Records contained in a dataset:
+++++

(* Assume $m_0:=\int t\,\mathcal{T}(\mathrm{d}t)<\infty$. For every reset law $\mathcal{R}$, with $T\sim\mathcal{T}$ and $R\sim\mathcal{R}$ independent, $$\mathcal{T}^{\mathcal{R}}[\mathrm{id}]=\frac{\mathsf{E}[T\wedge R]}{\mathsf{P}(T\leq R)}=\frac{\int\left(\int_0^r\overline{F}(u)\,\mathrm{d}u\right)\mathcal{R}(\mathrm{d}r)}{\int F(r)\,\mathcal{R}(\mathrm{d}r)},$$ and $$\inf_{t\in(0,\infty)}\frac{\int_0^t\overline{F}(u)\,\mathrm{d}u}{F(t)}\leq\mathcal{T}^{\mathcal{R}}[\mathrm{id}]\leq\sup_{t\in(0,\infty)}\frac{\int_0^t\overline{F}(u)\,\mathrm{d}u}{F(t)}.$$ Moreover $\sup_{\mathcal{R}}\mathcal{T}^{\mathcal{R}}[\mathrm{id}]=\sup_{r\in(0,\infty)}\mathcal{T}^{\delta_r}[\mathrm{id}]=\sup_{t\in(0,\infty)}\frac{\int_0^t\overline{F}(u)\,\mathrm{d}u}{F(t)}$, and the same with $\inf$ in place of $\sup$ throughout, where $\sup_{\mathcal{R}}$, $\inf_{\mathcal{R}}$ range over all reset laws.
   Context: Standing assumptions: $\mathcal{T}$ is a probability law on the Borel sets of $[0,\infty]$ with $\mathcal{T}((0,\infty])>0$ and $\inf\mathrm{supp}(\mathcal{T})=0$; $\overline{F}(t):=\mathcal{T}((t,\infty])$ and $F:=1-\overline{F}$ on $[0,\infty)$, with $F(\infty):=1$, $\overline{F}(\infty):=0$. $\mathcal{Q}[\mathrm{id}]:=\int t\,\mathcal{Q}(\mathrm{d}t)$. A reset law is a probability law $\mathcal{R}$ on the Borel sets of $[0,\infty]$ with $\mathcal{R}((0,\infty])>0$ and $\mathcal{R}([0,\infty))>0$. Given a reset law $\mathcal{R}$: let $(T_k)$ be i.i.d. with law $\mathcal{T}$ and $(R_k)$ an independent i.i.d. sequence with law $\mathcal{R}$; $\mathcal{T}^{\mathcal{R}}$ is the law of $\tilde T$ defined a.s. by $\tilde T=R_1+\cdots+R_{k-1}+T_k$ on $\{R_1<T_1,\ldots,R_{k-1}<T_{k-1},T_k\leq R_k\}$, $k\in\mathbb{N}$. $\delta_r$ is the Dirac mass at $r$. *)

theory Defs
  imports "HOL-Probability.Probability"
begin

text \<open>Laws on [0,\<infinity>] are measures on the Borel sets of ennreal.\<close>

definition measure_support :: "ennreal measure \<Rightarrow> ennreal set" where
  "measure_support M = {x. \<forall>U. open U \<longrightarrow> x \<in> U \<longrightarrow> emeasure M U > 0}"

definition is_law :: "ennreal measure \<Rightarrow> bool" where
  "is_law M \<longleftrightarrow> prob_space M \<and> sets M = sets borel"

definition standing_T :: "ennreal measure \<Rightarrow> bool" where
  "standing_T T \<longleftrightarrow> is_law T \<and> emeasure T {0<..} > 0 \<and> Inf (measure_support T) = 0"

definition reset_law :: "ennreal measure \<Rightarrow> bool" where
  "reset_law R \<longleftrightarrow> is_law R \<and> emeasure R {0<..} > 0 \<and> emeasure R {..<\<infinity>} > 0"

text \<open>Survival function and distribution function (F(\<infinity>) = 1, Fbar(\<infinity>) = 0).\<close>
definition Fbar :: "ennreal measure \<Rightarrow> ennreal \<Rightarrow> real" where
  "Fbar T t = measure T {t<..}"

definition Fdist :: "ennreal measure \<Rightarrow> ennreal \<Rightarrow> real" where
  "Fdist T t = 1 - Fbar T t"

definition intFbar :: "ennreal measure \<Rightarrow> ennreal \<Rightarrow> ennreal" where
  "intFbar T r = (\<integral>\<^sup>+ u. indicator {u::real. 0 \<le> u \<and> ennreal u < r} u * ennreal (Fbar T (ennreal u)) \<partial>lborel)"

definition mean :: "ennreal measure \<Rightarrow> ennreal" where
  "mean Q = (\<integral>\<^sup>+ t. t \<partial>Q)"

text \<open>Underlying probability space: i.i.d. pairs (T_k, R_k), k = 0,1,2,...\<close>
definition reset_space :: "ennreal measure \<Rightarrow> ennreal measure \<Rightarrow> (nat \<Rightarrow> ennreal \<times> ennreal) measure" where
  "reset_space T R = PiM UNIV (\<lambda>_::nat. T \<Otimes>\<^sub>M R)"

text \<open>The reset time: R_0 + ... + R_{k-1} + T_k where k is the first index with T_k \<le> R_k
  (so R_j < T_j for j < k).  Off the null event that no such k exists, the value is arbitrary (0).\<close>
definition reset_time :: "(nat \<Rightarrow> ennreal \<times> ennreal) \<Rightarrow> ennreal" where
  "reset_time \<omega> = (if \<exists>k. fst (\<omega> k) \<le> snd (\<omega> k)
     then (let k = (LEAST k. fst (\<omega> k) \<le> snd (\<omega> k)) in (\<Sum>j<k. snd (\<omega> j)) + fst (\<omega> k))
     else 0)"

definition reset_law_of :: "ennreal measure \<Rightarrow> ennreal measure \<Rightarrow> ennreal measure" where
  "reset_law_of T R = distr (reset_space T R) borel reset_time"

definition ratio :: "ennreal measure \<Rightarrow> real \<Rightarrow> ennreal" where
  "ratio T t = intFbar T (ennreal t) / ennreal (Fdist T (ennreal t))"

end

(*
  Each reset cycle independently ends in success (T_k \<le> R_k) with probability P(T \<le> R) and
  lasts min T_k R_k, so the mean reset time is a geometric series with sum E[min T R] / P(T \<le> R).
  Fubini turns numerator and denominator into \<integral> intFbar T dR and \<integral> F dR. For every
  r \<in> [0,\<infinity>] the value intFbar T r lies between (inf ratio) F r and (sup ratio) F r, so the
  quotient of the integrals lies between the infimum and the supremum of the ratio, and the Dirac
  reset laws attain every value of the ratio.
*)

theory Submission
  imports Defs
begin

lemma is_lawD:
  assumes "is_law M"
  shows "prob_space M" and "sets M = sets borel" and "space M = UNIV"
  using assms sets_eq_imp_space_eq[of M borel] by (auto simp: is_law_def)

section \<open>Independent coordinates\<close>

lemma nn_integral_PiM_prod_components:
  fixes f :: "'i \<Rightarrow> 'a \<Rightarrow> ennreal"
  assumes M: "prob_space M" and J: "finite J" and f: "\<And>i. i \<in> J \<Longrightarrow> f i \<in> borel_measurable M"
  shows "(\<integral>\<^sup>+\<omega>. (\<Prod>i\<in>J. f i (\<omega> i)) \<partial>PiM UNIV (\<lambda>_. M)) = (\<Prod>i\<in>J. \<integral>\<^sup>+x. f i x \<partial>M)"
proof -
  interpret P: product_prob_space "\<lambda>_::'i. M" UNIV
    using M by (simp add: product_prob_space_def product_prob_space_axioms_def
        product_sigma_finite_def prob_space_imp_sigma_finite)
  have meas: "(\<lambda>x. \<Prod>i\<in>J. f i (x i)) \<in> borel_measurable (PiM J (\<lambda>_. M))"
    using f by (intro borel_measurable_prod_ennreal)
      (auto intro!: measurable_compose[OF measurable_component_singleton])
  have "(\<integral>\<^sup>+\<omega>. (\<Prod>i\<in>J. f i (\<omega> i)) \<partial>PiM UNIV (\<lambda>_. M))
      = (\<integral>\<^sup>+\<omega>. (\<Prod>i\<in>J. f i (restrict \<omega> J i)) \<partial>PiM UNIV (\<lambda>_. M))"
    by (intro nn_integral_cong prod.cong) auto
  also have "\<dots> = (\<integral>\<^sup>+x. (\<Prod>i\<in>J. f i (x i))
      \<partial>distr (PiM UNIV (\<lambda>_. M)) (PiM J (\<lambda>_. M)) (\<lambda>x. restrict x J))"
    using meas by (subst nn_integral_distr) (auto intro!: measurable_restrict_subset)
  also have "\<dots> = (\<integral>\<^sup>+x. (\<Prod>i\<in>J. f i (x i)) \<partial>PiM J (\<lambda>_. M))"
    using J by (subst P.distr_PiM_restrict_finite) auto
  also have "\<dots> = (\<Prod>i\<in>J. \<integral>\<^sup>+x. f i x \<partial>M)"
    using J f by (subst P.product_nn_integral_prod) auto
  finally show ?thesis .
qed

lemma nn_integral_PiM_prefix_prod:
  fixes f g :: "'a \<Rightarrow> ennreal"
  assumes M: "prob_space M" and [measurable]: "f \<in> borel_measurable M" "g \<in> borel_measurable M"
  shows "(\<integral>\<^sup>+\<omega>. (\<Prod>i<j. f (\<omega> i)) * g (\<omega> j) \<partial>PiM UNIV (\<lambda>_::nat. M))
       = (\<integral>\<^sup>+x. f x \<partial>M) ^ j * (\<integral>\<^sup>+x. g x \<partial>M)"
proof -
  define h where "h i = (if i < j then f else g)" for i
  have "(\<Prod>i<j. f (\<omega> i)) * g (\<omega> j) = (\<Prod>i<Suc j. h i (\<omega> i))" for \<omega>
    by (simp add: h_def)
  moreover have "(\<Prod>i<Suc j. \<integral>\<^sup>+x. h i x \<partial>M) = (\<integral>\<^sup>+x. f x \<partial>M) ^ j * (\<integral>\<^sup>+x. g x \<partial>M)"
    by (simp add: h_def)
  ultimately show ?thesis
    using nn_integral_PiM_prod_components[OF M, of "{..<Suc j}" h] by (simp add: h_def)
qed

lemma AE_PiM_ex_component_in:
  assumes M: "prob_space M" and B: "B \<in> sets M" and pos: "emeasure M B > 0"
  shows "AE \<omega> in PiM UNIV (\<lambda>_::nat. M). \<exists>k. \<omega> k \<in> B"
proof -
  interpret M: prob_space M by fact
  define P where "P = PiM UNIV (\<lambda>_::nat. M)"
  interpret P: prob_space P unfolding P_def by (rule prob_space_PiM) (rule M)
  define A where "A = space M - B"
  define q where "q = measure M A"
  have A[measurable]: "A \<in> sets M" using B by (simp add: A_def)
  have q: "0 \<le> q" "q < 1"
    using pos M.prob_compl[OF B] by (auto simp: q_def A_def M.emeasure_eq_measure)
  define N where "N n = {\<omega>\<in>space P. \<forall>k<n. \<omega> k \<in> A}" for n
  have N[measurable]: "N n \<in> sets P" for n unfolding N_def P_def by measurable
  have measure_N: "measure P (N n) = q ^ n" for n
  proof -
    have indicator_N: "indicator (N n) \<omega> = (\<Prod>k<n. indicator A (\<omega> k) :: ennreal)"
      if "\<omega> \<in> space P" for \<omega>
      using that by (induction n) (auto simp: N_def lessThan_Suc less_Suc_eq split: split_indicator)
    have "emeasure P (N n) = (\<integral>\<^sup>+\<omega>. indicator (N n) \<omega> \<partial>P)"
      by simp
    also have "\<dots> = (\<integral>\<^sup>+\<omega>. (\<Prod>k<n. indicator A (\<omega> k)) \<partial>P)"
      using indicator_N by (rule nn_integral_cong)
    also have "\<dots> = ennreal (q ^ n)"
      unfolding P_def using q
      by (subst nn_integral_PiM_prod_components[OF M]) (auto simp: q_def M.emeasure_eq_measure ennreal_power)
    finally show ?thesis using q by (simp add: P.emeasure_eq_measure)
  qed
  have "measure P (\<Inter>n. N n) \<le> q ^ n" for n
    unfolding measure_N[symmetric] by (intro P.finite_measure_mono) auto
  moreover have "(\<lambda>n. q ^ n) \<longlonglongrightarrow> 0" using q by (intro LIMSEQ_power_zero) auto
  ultimately have "measure P (\<Inter>n. N n) \<le> 0"
    by (intro LIMSEQ_le_const[of "\<lambda>n. q ^ n"]) auto
  then have "emeasure P (\<Inter>n. N n) = 0"
    by (simp add: P.emeasure_eq_measure measure_nonneg antisym)
  moreover have "{\<omega>\<in>space P. \<not> (\<exists>k. \<omega> k \<in> B)} \<subseteq> (\<Inter>n. N n)"
    by (auto simp: N_def A_def P_def space_PiM)
  ultimately show ?thesis
    unfolding P_def[symmetric] by (intro AE_I'[of "\<Inter>n. N n"]) auto
qed

lemma nn_integral_PiM_suminf_prefix_prod:
  fixes h :: "'a \<Rightarrow> ennreal"
  assumes M: "prob_space M" and A[measurable]: "A \<in> sets M" and h[measurable]: "h \<in> borel_measurable M"
    and pos: "emeasure M (space M - A) > 0"
  shows "(\<integral>\<^sup>+\<omega>. (\<Sum>j. (\<Prod>i<j. indicator A (\<omega> i)) * h (\<omega> j)) \<partial>PiM UNIV (\<lambda>_::nat. M))
       = (\<integral>\<^sup>+x. h x \<partial>M) / emeasure M (space M - A)"
proof -
  interpret M: prob_space M by fact
  define q where "q = measure M A"
  have q: "0 \<le> q" "q < 1" and compl: "emeasure M (space M - A) = ennreal (1 - q)"
    using pos M.prob_compl[OF A] by (auto simp: q_def M.emeasure_eq_measure)
  have summand: "(\<integral>\<^sup>+\<omega>. (\<Prod>i<j. indicator A (\<omega> i)) * h (\<omega> j) \<partial>PiM UNIV (\<lambda>_::nat. M))
      = (\<integral>\<^sup>+x. h x \<partial>M) * ennreal (q ^ j)" for j
  proof -
    have "(\<integral>\<^sup>+x. indicator A x \<partial>M) = ennreal q"
      by (simp add: q_def M.emeasure_eq_measure)
    then show ?thesis
      using q nn_integral_PiM_prefix_prod[OF M borel_measurable_indicator[OF A] h, of j]
      by (simp add: ennreal_power mult.commute)
  qed
  have "(\<integral>\<^sup>+\<omega>. (\<Sum>j. (\<Prod>i<j. indicator A (\<omega> i)) * h (\<omega> j)) \<partial>PiM UNIV (\<lambda>_::nat. M))
      = (\<Sum>j. (\<integral>\<^sup>+x. h x \<partial>M) * ennreal (q ^ j))"
    by (subst nn_integral_suminf) (measurable, simp add: summand)
  also have "\<dots> = (\<integral>\<^sup>+x. h x \<partial>M) * ennreal (1 / (1 - q))"
    using q by (simp add: ennreal_suminf_cmult suminf_ennreal_eq[OF _ geometric_sums] suminf_geometric)
  also have "\<dots> = (\<integral>\<^sup>+x. h x \<partial>M) / emeasure M (space M - A)"
    using q divide_ennreal[of 1 "1 - q"] by (simp add: compl divide_ennreal_def)
  finally show ?thesis .
qed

+++++

§ WHAT THE TASK ASKS
Please provide nothing but the number of lines in the records that hold the string "rule".

§ COMPLETED TASK
2